Item 1.01 Entry into a Material Definitive Agreement.

On October 12, 2011, Tree Top Industries, Inc. (“Tree Top”), entered into a binding term agreement (the “Agreement”) with Adesso Biosciences Limited (“Adesso”).  Under the terms of the Agreement, Tree Top will acquire 93% of Adesso Diagnostics Ltd. and 47.5% of Adeda Therapeutics Company, Ltd. in exchange for 10% of the outstanding common stock of Tree Top. In addition, Adesso Biosciences Limited will receive convertible preferred stock equal to 51% of GoHealthMD, Inc., a wholly owned subsidiary of Tree Top.  Such convertible preferred stock will be convertible after two years and one day into either (i) a minimum of 51% of the common stock of GoHealthMD, Inc. or (ii) common stock of Tree Top Industries, Inc. The securities to be received upon conversion of the convertible preferred stock shall be at the discretion of the holder of the convertible preferred stock.   The conversion rate will be determined on the date of conversion.  Tree Top anticipates closing on the transactions contemplated in the Agreement in approximately thirty days from the date of the Agreement.

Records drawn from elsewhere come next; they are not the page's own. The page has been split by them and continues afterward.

lemma norm_eRE_diag3_trace_bounds:
  fixes R1 R2 :: "real^3^3"
  assumes Q: "QE R1 R2 \<in> SO3"
  shows "\<lbrakk>c \<le> (e2 + e3)^2; c \<le> (e3 + e1)^2; c \<le> (e1 + e2)^2\<rbrakk>
      \<Longrightarrow> c * (1 + trace (QE R1 R2)) * (3 - trace (QE R1 R2))
          \<le> 16 * (norm (eRE (diag3 e1 e2 e3) R1 R2))^2"
    and "\<lbrakk>(e2 + e3)^2 \<le> C; (e3 + e1)^2 \<le> C; (e1 + e2)^2 \<le> C;
          (e2 - e3)^2 \<le> D; (e3 - e1)^2 \<le> D; (e1 - e2)^2 \<le> D\<rbrakk>
      \<Longrightarrow> 16 * (norm (eRE (diag3 e1 e2 e3) R1 R2))^2 \<le> 4 * (C + D) * (3 - trace (QE R1 R2))"
proof -
  define w where "w = rodrigues_weight (QE R1 R2)"
  define x0 where "x0 = 1 + trace (QE R1 R2)"
  define S where "S = 3 - trace (QE R1 R2)"
  have w: "0 \<le> w 1" "0 \<le> w 2" "0 \<le> w 3"
    unfolding w_def by (simp_all add: SO3_rodrigues_weight_nonneg[OF Q])
  have S: "S = w 1 + w 2 + w 3"
    unfolding S_def w_def by (rule sum_rodrigues_weight[symmetric])
  have x0: "0 \<le> x0" "x0 = 4 - S"
    using SO3_rodrigues_weight_nonneg(1)[OF Q] unfolding x0_def S_def by simp_all
  have w_le_4: "w 1 \<le> 4" "w 2 \<le> 4" "w 3 \<le> 4"
    using w x0 unfolding S by linarith+
  note E = norm_eRE_diag3_rodrigues[OF Q, folded w_def x0_def]
  show "c * (1 + trace (QE R1 R2)) * (3 - trace (QE R1 R2))
      \<le> 16 * (norm (eRE (diag3 e1 e2 e3) R1 R2))^2"
    if "c \<le> (e2 + e3)^2" "c \<le> (e3 + e1)^2" "c \<le> (e1 + e2)^2"
  proof -
    have "c * S \<le> (e2 + e3)^2 * w 1 + (e3 + e1)^2 * w 2 + (e1 + e2)^2 * w 3"
      using mult_right_mono[OF that(1) w(1)] mult_right_mono[OF that(2) w(2)]
        mult_right_mono[OF that(3) w(3)]
      unfolding S by (simp add: algebra_simps)
    then have "x0 * (c * S) \<le> x0 * ((e2 + e3)^2 * w 1 + (e3 + e1)^2 * w 2 + (e1 + e2)^2 * w 3)"
      using x0(1) by (rule mult_left_mono)
    moreover have "0 \<le> (e2 - e3)^2 * (w 2 * w 3) + (e3 - e1)^2 * (w 3 * w 1) + (e1 - e2)^2 * (w 1 * w 2)"
      using w by simp
    ultimately show ?thesis
      unfolding E x0_def[symmetric] S_def[symmetric] by (simp add: algebra_simps)
  qed
  show "16 * (norm (eRE (diag3 e1 e2 e3) R1 R2))^2 \<le> 4 * (C + D) * (3 - trace (QE R1 R2))"
    if h: "(e2 + e3)^2 \<le> C" "(e3 + e1)^2 \<le> C" "(e1 + e2)^2 \<le> C"
      and d: "(e2 - e3)^2 \<le> D" "(e3 - e1)^2 \<le> D" "(e1 - e2)^2 \<le> D"
  proof -
    have "(e2 + e3)^2 * w 1 + (e3 + e1)^2 * w 2 + (e1 + e2)^2 * w 3 \<le> C * S"
      using mult_right_mono[OF h(1) w(1)] mult_right_mono[OF h(2) w(2)] mult_right_mono[OF h(3) w(3)]
      unfolding S by (simp add: algebra_simps)
    then have "x0 * ((e2 + e3)^2 * w 1 + (e3 + e1)^2 * w 2 + (e1 + e2)^2 * w 3) \<le> x0 * (C * S)"
      using x0(1) by (rule mult_left_mono)
    also have "\<dots> \<le> 4 * (C * S)"
      using x0 w order_trans[OF zero_le_power2 h(1)] unfolding S by (intro mult_right_mono) auto
    finally have skew: "x0 * ((e2 + e3)^2 * w 1 + (e3 + e1)^2 * w 2 + (e1 + e2)^2 * w 3) \<le> 4 * (C * S)" .
    have "w 2 * w 3 + w 3 * w 1 + w 1 * w 2 \<le> w 2 * 4 + w 3 * 4 + w 1 * 4"
      using mult_left_mono[OF w_le_4(3) w(2)] mult_left_mono[OF w_le_4(1) w(3)]
        mult_left_mono[OF w_le_4(2) w(1)] by linarith
    then have "w 2 * w 3 + w 3 * w 1 + w 1 * w 2 \<le> 4 * S"
      unfolding S by simp
    moreover have "(e2 - e3)^2 * (w 2 * w 3) + (e3 - e1)^2 * (w 3 * w 1) + (e1 - e2)^2 * (w 1 * w 2)
        \<le> D * (w 2 * w 3 + w 3 * w 1 + w 1 * w 2)"
      using mult_right_mono[OF d(1), of "w 2 * w 3"] mult_right_mono[OF d(2), of "w 3 * w 1"]
        mult_right_mono[OF d(3), of "w 1 * w 2"] w by (simp add: algebra_simps)
    moreover have "0 \<le> D"
      using d(1) zero_le_power2 order_trans by blast
    ultimately have sym: "(e2 - e3)^2 * (w 2 * w 3) + (e3 - e1)^2 * (w 3 * w 1) + (e1 - e2)^2 * (w 1 * w 2)
        \<le> D * (4 * S)"
      by (meson mult_left_mono order_trans)
    show ?thesis
      using skew sym unfolding E S_def[symmetric] by (simp add: algebra_simps)
  qed
qed
(* Let $\mathcal{M}=[0,S)\times_h\mathbb{S}^{N-1}$ be a model manifold with pole $O$, let $\Omega\subset\mathcal{M}$ be a bounded $C^1$ domain containing $O$, and let $R_1=\min_{\partial\Omega}r$, $R_2=\max_{\partial\Omega}r$. Suppose that $h'(r)<0$ for $r$ in an interval $(R_0,R)$ with $[R_0,R]\subset(0,S)$, and that $(R_1,R_2)\subset(R_0,R)$. Let $\kappa_0\in\mathbb{R}$ and let $\varphi\in C^1([R_0,R])$ satisfy $\varphi'(r)\ge -h(r)$ for all $r\in[R_0,R]$. If the overdetermined problem $$-\Delta u=N\,h'(r)\ \text{in }\Omega,\qquad u=\varphi(r)\ \text{on }\partial\Omega,\qquad u_\nu=\kappa_0\ \text{on }\partial\Omega$$ has a classical solution $u\in C^2(\Omega)\cap C^1(\overline\Omega)$, then $u$ is radial and $\Omega$ is a geodesic ball centered at $O$.
   Context: Model manifold: $N\ge2$, $S\in(0,+\infty]$, $h\in C^\infty([0,S))$ with $h>0$ on $(0,S)$, $h'(0)=1$, $h^{(2k)}(0)=0$ for all $k\ge0$; $\mathcal{M}$ is $[0,S)\times\mathbb{S}^{N-1}$ with $\{0\}\times\mathbb{S}^{N-1}$ identified to the pole $O$, metric $dr^2+h(r)^2g_{\mathbb{S}^{N-1}}$; $r$ is geodesic distance to $O$, $B_\rho(O)=\{r<\rho\}$, $\Delta$ the Laplace–Beltrami operator; radial means depending only on $r$; $\nu$ is the outward unit normal to $\partial\Omega$, $u_\nu=\partial u/\partial\nu$. *)

theory Defs
  imports "HOL-Analysis.Analysis"
begin

text \<open>The model manifold [0,S) x_h S^(N-1) is represented in geodesic polar
  (normal) coordinates as the set of x in R^N with ereal (norm x) < S, the pole O
  being 0 and r = norm x.  In these coordinates the metric is
  g_x = e e^T + (h r / r)^2 (I - e e^T), e = x / r (x \<noteq> 0), g_0 = I.\<close>

definition model_space :: "ereal \<Rightarrow> (real^'n) set" where
  "model_space S = {x. ereal (norm x) < S}"

definition smooth_profile :: "ereal \<Rightarrow> (real \<Rightarrow> real) \<Rightarrow> (nat \<Rightarrow> real \<Rightarrow> real) \<Rightarrow> bool" where
  "smooth_profile S h D \<longleftrightarrow>
     (\<forall>r. 0 \<le> r \<and> ereal r < S \<longrightarrow> D 0 r = h r) \<and>
     (\<forall>k r. 0 \<le> r \<and> ereal r < S \<longrightarrow>
        (D k has_real_derivative D (Suc k) r) (at r within {t. 0 \<le> t \<and> ereal t < S}))"

text \<open>Inverse metric g^{-1}_x applied to a covector w (given as a vector).\<close>
definition ginv :: "(real \<Rightarrow> real) \<Rightarrow> real^'n \<Rightarrow> real^'n \<Rightarrow> real^'n" where
  "ginv h x w = (if x = 0 then w else
     (let \<rho> = h (norm x) / norm x; e = x /\<^sub>R norm x in
        (1 / \<rho>^2) *\<^sub>R w + ((1 - 1 / \<rho>^2) * (e \<bullet> w)) *\<^sub>R e))"
(* Let $\gamma:I\to\mathbb{R}^2$ be a smooth curve, star-shaped with respect to the origin and parametrized so that $[\gamma(t),\gamma'(t)]=1$, and let $p$ be its centroaffine curvature, defined by $\gamma''=-p\gamma$. Assume $p(t)\neq0$ and $p'(t)\neq 0$ for all $t\in I$. Then for any $t_0\neq t_1$ in $I$, the osculating central conics of $\gamma$ at $\gamma(t_0)$ and $\gamma(t_1)$ are disjoint and nested.
   Context: $[u,v]$ denotes the determinant of the $2\times2$ matrix with columns $u,v$; a curve is star-shaped with respect to the origin if $[\gamma,\gamma']\neq0$. A central conic is a curve $Q(X,Y):=aX^2+2bXY+cY^2=1$; it is an ellipse if $ac-b^2>0$ and a hyperbola if $ac-b^2<0$. The osculating central conic of $\gamma$ at $\gamma(t)$ is the central conic tangent to $\gamma$ at $\gamma(t)$ whose determinant $ac-b^2$ equals $p(t)$; explicitly, writing $\gamma=(x,y)$, its coefficients are $a=py^2+(y')^2$, $b=-(pxy+x'y')$, $c=px^2+(x')^2$. Two central conics $Q_1=1$, $Q_2=1$ are called nested if one of the sets $\{Q_1\ge 1\}$, $\{Q_2\ge1\}$ contains the other (for ellipses this is equivalent to one of the closed regions they bound containing the other). *)

theory Defs
  imports "HOL-Analysis.Analysis"
begin

definition smooth_on :: "real set \<Rightarrow> (real \<Rightarrow> real) \<Rightarrow> bool" where
  "smooth_on I f \<longleftrightarrow> (\<forall>n. \<forall>t\<in>I. ((deriv ^^ n) f) differentiable (at t))"

definition det2 :: "real \<times> real \<Rightarrow> real \<times> real \<Rightarrow> real" where
  "det2 u v = fst u * snd v - snd u * fst v"

definition conic_form :: "real \<times> real \<times> real \<Rightarrow> real \<times> real \<Rightarrow> real" where
  "conic_form C z = (case C of (a, b, c) \<Rightarrow> case z of (X, Y) \<Rightarrow>
      a * X^2 + 2 * b * X * Y + c * Y^2)"

definition central_conic :: "real \<times> real \<times> real \<Rightarrow> (real \<times> real) set" where
  "central_conic C = {z. conic_form C z = 1}"

definition nested_conics :: "real \<times> real \<times> real \<Rightarrow> real \<times> real \<times> real \<Rightarrow> bool" where
  "nested_conics C1 C2 \<longleftrightarrow>
     {z. conic_form C1 z \<ge> 1} \<subseteq> {z. conic_form C2 z \<ge> 1} \<or>
     {z. conic_form C2 z \<ge> 1} \<subseteq> {z. conic_form C1 z \<ge> 1}"

definition osc_conic :: "(real \<Rightarrow> real) \<Rightarrow> (real \<Rightarrow> real) \<Rightarrow> (real \<Rightarrow> real) \<Rightarrow> real
    \<Rightarrow> real \<times> real \<times> real" where
  "osc_conic x y p t =
     (p t * (y t)^2 + (deriv y t)^2,
      - (p t * x t * y t + deriv x t * deriv y t),
      p t * (x t)^2 + (deriv x t)^2)"

end

theory Submission
  imports Defs
begin

(* For a fixed point z = (X, Y), the osculating conic form at time t takes the value
   Q_t(z) = p (X y - Y x)^2 + (X y' - Y x')^2, and the equation gamma'' = - p gamma makes its
   t-derivative collapse to p' (X y - Y x)^2. By Darboux' theorem p' has constant sign, so
   Q_t(z) is monotone in t; it is even strictly monotone for z <> 0, because X y - Y x and
   its derivative X y' - Y x' cannot vanish simultaneously when [gamma, gamma'] <> 0. Hence
   one of the two forms is strictly smaller than the other away from the origin, which makes
   the conics Q = 1 disjoint and nested. *)

lemma darboux_zero:
  fixes g q :: "real \<Rightarrow> real"
  assumes ab: "a < b" and deriv_g: "\<forall>t\<in>{a..b}. (g has_real_derivative q t) (at t)"
    and qa: "q a < 0" and qb: "q b > 0"
  shows "\<exists>c. a < c \<and> c < b \<and> q c = 0"
proof -
  have "continuous_on {a..b} g"
    using deriv_g by (meson DERIV_isCont continuous_at_imp_continuous_on)
  then obtain c where c: "c \<in> {a..b}" and min: "\<forall>t\<in>{a..b}. g c \<le> g t"
    using continuous_attains_inf[of "{a..b}" g] ab by auto
  have "c \<noteq> a"
  proof
    assume "c = a"
    obtain e where e: "e > 0" "\<forall>h>0. h < e \<longrightarrow> g a > g (a + h)"
      using DERIV_neg_dec_right[OF _ qa, of g] deriv_g ab by (meson atLeastAtMost_iff less_imp_le order_refl)
    then have "g a > g (a + min (e/2) (b - a))" and "a + min (e/2) (b - a) \<in> {a..b}"
      using ab by auto
    then show False using min \<open>c = a\<close> by (metis not_le)
  qed
  moreover have "c \<noteq> b"
  proof
    assume "c = b"
    obtain e where e: "e > 0" "\<forall>h>0. h < e \<longrightarrow> g (b - h) < g b"
      using DERIV_pos_inc_left[OF _ qb, of g] deriv_g ab by (meson atLeastAtMost_iff less_imp_le order_refl)
    then have "g b > g (b - min (e/2) (b - a))" and "b - min (e/2) (b - a) \<in> {a..b}"
      using ab by auto
    then show False using min \<open>c = b\<close> by (metis not_le)
  qed
  ultimately have ac: "a < c" "c < b" using c by auto
  have "q c = 0"
  proof (rule DERIV_local_min)
    show "(g has_real_derivative q c) (at c)" using deriv_g c by auto
    show "0 < min (c - a) (b - c)" using ac by auto
    show "\<forall>t. \<bar>c - t\<bar> < min (c - a) (b - c) \<longrightarrow> g c \<le> g t"
      using min by (auto simp: abs_less_iff)
  qed
  then show ?thesis using ac by auto
qed

lemma is_interval_atLeastAtMost_subset:
  fixes I :: "real set"
  assumes "is_interval I" "u \<in> I" "v \<in> I"
  shows "{u..v} \<subseteq> I"
  using mem_is_interval_1_I[OF assms] by auto

lemma deriv_nonzero_imp_sign_constant:
  fixes g q :: "real \<Rightarrow> real"
  assumes I: "is_interval I"
    and deriv_g: "\<forall>t\<in>I. (g has_real_derivative q t) (at t)" and nonzero: "\<forall>t\<in>I. q t \<noteq> 0"
  shows "(\<forall>t\<in>I. q t > 0) \<or> (\<forall>t\<in>I. q t < 0)"
proof (rule ccontr)
  assume "\<not> ?thesis"
  then obtain s t where "s \<in> I" "\<not> q s > 0" "t \<in> I" "\<not> q t < 0" by blast
  then have s: "s \<in> I" "q s < 0" and t: "t \<in> I" "q t > 0"
    using nonzero by (auto simp: not_less le_less)
  have "\<exists>c. min s t < c \<and> c < max s t \<and> q c = 0"
  proof (cases "s < t")
    case True
    show ?thesis
      using darboux_zero[of s t g q] True s t deriv_g is_interval_atLeastAtMost_subset[OF I s(1) t(1)]
      by auto
  next
    case False
    moreover have "s \<noteq> t" using s t by auto
    ultimately have "t < s" by linarith
    moreover have "\<forall>u\<in>{t..s}. ((\<lambda>u. - g u) has_real_derivative - q u) (at u)"
      using deriv_g is_interval_atLeastAtMost_subset[OF I t(1) s(1)] by (blast intro: DERIV_minus)
    ultimately show ?thesis
      using darboux_zero[of t s "\<lambda>u. - g u" "\<lambda>u. - q u"] s t by auto
  qed
  then obtain c where "min s t < c" "c < max s t" "q c = 0" by blast
  moreover have "{min s t..max s t} \<subseteq> I"
    using is_interval_atLeastAtMost_subset[OF I] s t by (simp add: max_def min_def)
  ultimately show False using nonzero by (meson atLeastAtMost_iff less_imp_le subsetD)
qed

lemma DERIV_zero_if_const_on_interval:
  fixes f :: "real \<Rightarrow> real"
  assumes "(f has_real_derivative d) (at t)" "a < t" "t < b"
    and const: "\<forall>s. a < s \<and> s < b \<longrightarrow> f s = c"
  shows "d = 0"
proof (rule DERIV_local_const)
  show "(f has_real_derivative d) (at t)" "0 < min (t - a) (b - t)" using assms by auto
  show "\<forall>s. \<bar>t - s\<bar> < min (t - a) (b - t) \<longrightarrow> f t = f s"
  proof (intro allI impI)
    fix s assume "\<bar>t - s\<bar> < min (t - a) (b - t)"
    then have "a < s" "s < b" by (simp_all add: abs_less_iff)
    then show "f t = f s" using const assms(2,3) by simp
  qed
qed

lemma deriv_pos_times_square_imp_less:
  fixes g q h h' :: "real \<Rightarrow> real"
  assumes ab: "a < b"
    and deriv_g: "\<forall>t\<in>{a..b}. (g has_real_derivative q t * (h t)\<^sup>2) (at t)"
    and q_pos: "\<forall>t\<in>{a..b}. q t > 0"
    and deriv_h: "\<forall>t\<in>{a..b}. (h has_real_derivative h' t) (at t)"
    and no_double_zero: "\<forall>t\<in>{a..b}. h t \<noteq> 0 \<or> h' t \<noteq> 0"
  shows "g a < g b"
proof -
  have mono: "g u \<le> g v" if "a \<le> u" "u \<le> v" "v \<le> b" for u v
  proof (rule DERIV_nonneg_imp_increasing_open[OF that(2)])
    show "continuous_on {u..v} g"
      using deriv_g that by (intro continuous_at_imp_continuous_on ballI DERIV_isCont) auto
    fix t assume "u < t" "t < v"
    then have "t \<in> {a..b}" using that by auto
    then show "\<exists>d. (g has_real_derivative d) (at t) \<and> 0 \<le> d"
      using deriv_g q_pos by (intro exI[of _ "q t * (h t)\<^sup>2"]) (simp add: less_imp_le)
  qed
  show "g a < g b"
  proof (rule ccontr)
    assume "\<not> g a < g b"
    have const: "g t = g a" if "a < t" "t < b" for t
      using mono[of a t] mono[of t b] that \<open>\<not> g a < g b\<close> by simp
    have h_zero: "h t = 0" if "a < t" "t < b" for t
    proof -
      have "q t * (h t)\<^sup>2 = 0"
        by (rule DERIV_zero_if_const_on_interval[of g _ t a b "g a"]) (use deriv_g that const in auto)
      moreover have "q t > 0" using q_pos that by simp
      ultimately show ?thesis by simp
    qed
    define m where "m = (a + b) / 2"
    have m: "a < m" "m < b" using ab by (auto simp: m_def)
    then have "h' m = 0"
      by (intro DERIV_zero_if_const_on_interval[of h _ m a b 0]) (use deriv_h h_zero in auto)
    then show False using no_double_zero h_zero[OF m] m by auto
  qed
qed
lemma kuratowski_mnc_ge:
  fixes A :: "'a::metric_space set"
  assumes "bounded A"
    and sep: "\<And>\<eta>. \<eta> > 0 \<Longrightarrow> \<exists>xs :: nat \<Rightarrow> 'a. range xs \<subseteq> A \<and> (\<forall>i j. i \<noteq> j \<longrightarrow> r - \<eta> < dist (xs i) (xs j))"
  shows "r \<le> kuratowski_mnc A"
proof -
  define K where "K = {\<epsilon>. \<epsilon> > 0 \<and> (\<exists>F. finite F \<and> A \<subseteq> \<Union>F \<and> (\<forall>S\<in>F. bounded S \<and> diameter S \<le> \<epsilon>))}"
  have "diameter A + 1 \<in> K"
    unfolding K_def using assms(1) diameter_ge_0[OF assms(1)]
    by (intro CollectI conjI exI[of _ "{A}"]) auto
  then have "K \<noteq> {}" by blast
  moreover have "r \<le> e" if "e \<in> K" for e
  proof -
    obtain F where F: "finite F" "A \<subseteq> \<Union>F" "\<forall>S\<in>F. bounded S \<and> diameter S \<le> e"
      using \<open>e \<in> K\<close> unfolding K_def by blast
    show "r \<le> e"
    proof (rule field_le_epsilon)
      fix \<eta> :: real assume "\<eta> > 0"
      then obtain xs :: "nat \<Rightarrow> 'a" where xs: "range xs \<subseteq> A"
        and far: "\<forall>i j. i \<noteq> j \<longrightarrow> r - \<eta> < dist (xs i) (xs j)"
        using sep by blast
      have cover: "range xs \<subseteq> \<Union>F" using xs F(2) by (rule order_trans)
      have "r - \<eta> < e"
        using F(1) cover F(3) by (rule separated_sequence_less_cover_diameter) (use far in blast)
      then show "r \<le> e + \<eta>" by simp
    qed
  qed
  ultimately have "r \<le> Inf K" by (rule cInf_greatest)
  then show ?thesis unfolding kuratowski_mnc_def K_def .
qed

theorem mainTheorem19:
  fixes x :: "'a::banach" and W :: "'a set"
  assumes "super_delta_point x"
    and "rel_weakly_open_ball W" and "x \<in> W"
  shows "kuratowski_mnc W = 2 \<and>
    (\<forall>\<epsilon>>0. \<exists>xs :: nat \<Rightarrow> 'a. range xs \<subseteq> W \<and>
        (\<forall>i j. i \<noteq> j \<longrightarrow> norm (xs i - xs j) > 2 - \<epsilon>))"
proof -
  have sep: "\<forall>\<epsilon>>0. \<exists>xs :: nat \<Rightarrow> 'a. range xs \<subseteq> W \<and>
      (\<forall>i j. i \<noteq> j \<longrightarrow> norm (xs i - xs j) > 2 - \<epsilon>)"
    by (intro allI impI super_delta_point_separated_sequence[OF assms])
  have ball: "W \<subseteq> cball 0 1" using assms(2) unfolding rel_weakly_open_ball_def by blast
  then have "bounded W" by (rule bounded_subset[OF bounded_cball])
  moreover have "diameter W \<le> 2"
    using ball by (intro diameter_le) (smt (verit) mem_cball_0 norm_triangle_ineq4 subsetD)+
  ultimately have "kuratowski_mnc W \<le> 2" by (rule kuratowski_mnc_le) simp
  moreover have "2 \<le> kuratowski_mnc W"
  proof (rule kuratowski_mnc_ge[OF \<open>bounded W\<close>])
    fix \<eta> :: real assume "\<eta> > 0"
    with sep obtain xs :: "nat \<Rightarrow> 'a"
      where "range xs \<subseteq> W" "\<forall>i j. i \<noteq> j \<longrightarrow> norm (xs i - xs j) > 2 - \<eta>"
      by blast
    then show "\<exists>xs :: nat \<Rightarrow> 'a. range xs \<subseteq> W \<and> (\<forall>i j. i \<noteq> j \<longrightarrow> 2 - \<eta> < dist (xs i) (xs j))"
      by (auto simp: dist_norm)
  qed
  ultimately have "kuratowski_mnc W = 2" by (rule antisym)
  then show ?thesis using sep by (rule conjI)
qed

end
(* Let $(X,*,\circ)$ be a left skew brace and $R,S$ congruences on $X$. The following are equivalent: (1) $[I_R,I_S]=0$; (2) every element of $I_R$ commutes with every element of $I_S$ in $(X,* )$, every element of $I_R$ commutes with every element of $I_S$ in $(X,\circ)$, and $x*y^{-*}*z=x\circ y^{-\circ}\circ z$ for all $x,y,z\in X$ with $x\,R\,y$ and $y\,S\,z$; (3) $[R,S]=0$. In particular the category $\mathsf{SKB}$ of left skew braces satisfies (Huq=Smith).
   Context: A (left) skew brace is a triple $(A,*,\circ)$ with $(A,* )$ and $(A,\circ)$ groups such that $a\circ(b*c)=(a\circ b)*a^{-*}*(a\circ c)$ for all $a,b,c\in A$; $a^{-*}$, $a^{-\circ}$ denote inverses in $(A,* )$, $(A,\circ)$; the two groups share the identity $1$. Morphisms are maps that are homomorphisms for both operations; products are componentwise. A congruence on $X$ is an equivalence relation $R\subseteq X\times X$ that is a sub-skew brace of $X\times X$; $I_R=\{x\in X: x\,R\,1\}$. For sub-skew braces $U,V$ of $X$, $[U,V]=0$ means there exists a skew brace morphism $\varphi\colon U\times V\to X$ with $\varphi(u,1)=u$, $\varphi(1,v)=v$. For congruences $R,S$, let $R\times_X S=\{(x,y,z): xRy,\ ySz\}$ (a sub-skew brace of $X^3$); $[R,S]=0$ means there exists a skew brace morphism $p\colon R\times_XS\to X$ with $p(x,y,y)=x$ whenever $xRy$ and $p(y,y,z)=z$ whenever $ySz$. (Huq=Smith) means: for every skew brace $X$ and all congruences $R,S$ on $X$, $[I_R,I_S]=0$ implies $[R,S]=0$. *)

theory Defs
  imports "HOL-Algebra.Group" "HOL-Library.FuncSet"
begin

record 'a skb =
  carr :: "'a set"
  star :: "'a \<Rightarrow> 'a \<Rightarrow> 'a"
  circ :: "'a \<Rightarrow> 'a \<Rightarrow> 'a"
  unit :: "'a"

definition add_grp :: "'a skb \<Rightarrow> 'a monoid" where
  "add_grp X = \<lparr>carrier = carr X, mult = star X, one = unit X\<rparr>"

definition mul_grp :: "'a skb \<Rightarrow> 'a monoid" where
  "mul_grp X = \<lparr>carrier = carr X, mult = circ X, one = unit X\<rparr>"

definition inv_star :: "'a skb \<Rightarrow> 'a \<Rightarrow> 'a" where
  "inv_star X a = inv\<^bsub>add_grp X\<^esub> a"

definition inv_circ :: "'a skb \<Rightarrow> 'a \<Rightarrow> 'a" where
  "inv_circ X a = inv\<^bsub>mul_grp X\<^esub> a"

definition skew_brace :: "'a skb \<Rightarrow> bool" where
  "skew_brace X \<longleftrightarrow> group (add_grp X) \<and> group (mul_grp X) \<and>
     (\<forall>a\<in>carr X. \<forall>b\<in>carr X. \<forall>c\<in>carr X.
        circ X a (star X b c) = star X (star X (circ X a b) (inv_star X a)) (circ X a c))"

definition sub_skb :: "'a set \<Rightarrow> 'a skb \<Rightarrow> bool" where
  "sub_skb B X \<longleftrightarrow> B \<subseteq> carr X \<and> unit X \<in> B \<and>
     (\<forall>x\<in>B. \<forall>y\<in>B. star X x y \<in> B \<and> circ X x y \<in> B) \<and>
     (\<forall>x\<in>B. inv_star X x \<in> B \<and> inv_circ X x \<in> B)"

definition restr :: "'a skb \<Rightarrow> 'a set \<Rightarrow> 'a skb" where
  "restr X B = \<lparr>carr = B, star = star X, circ = circ X, unit = unit X\<rparr>"

definition prod_skb :: "'a skb \<Rightarrow> 'b skb \<Rightarrow> ('a \<times> 'b) skb" where
  "prod_skb X Y = \<lparr>carr = carr X \<times> carr Y,
     star = (\<lambda>(a,b) (c,d). (star X a c, star Y b d)),
     circ = (\<lambda>(a,b) (c,d). (circ X a c, circ Y b d)),
     unit = (unit X, unit Y)\<rparr>"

Prior to the date of the Agreement, Adesso had no interaction, other than the negotiation of the Agreement, with Tree Top.

Tree Top Industries, Inc. (TTII:OTCQB), (TTII:OTCBB) is a publicly traded, bulletin board company whose subsidiaries hold patents and intellectual properties in bioscience, clean-tech, and global health technologies. Tree Top, because it is a publicly traded reporting company and a PCAOB audited company, may provide a platform for successful capital raise, management expertise, structure, transparency, and growth potential to potential acquisition candidates.  Tree Top can also deliver the means, through incubation, for private companies to become public entities in good standing. Tree Top is in the development stage, actively acquiring companies and technologies using several different business paradigms, including exchange of stock, joint venture, and other partnership configurations.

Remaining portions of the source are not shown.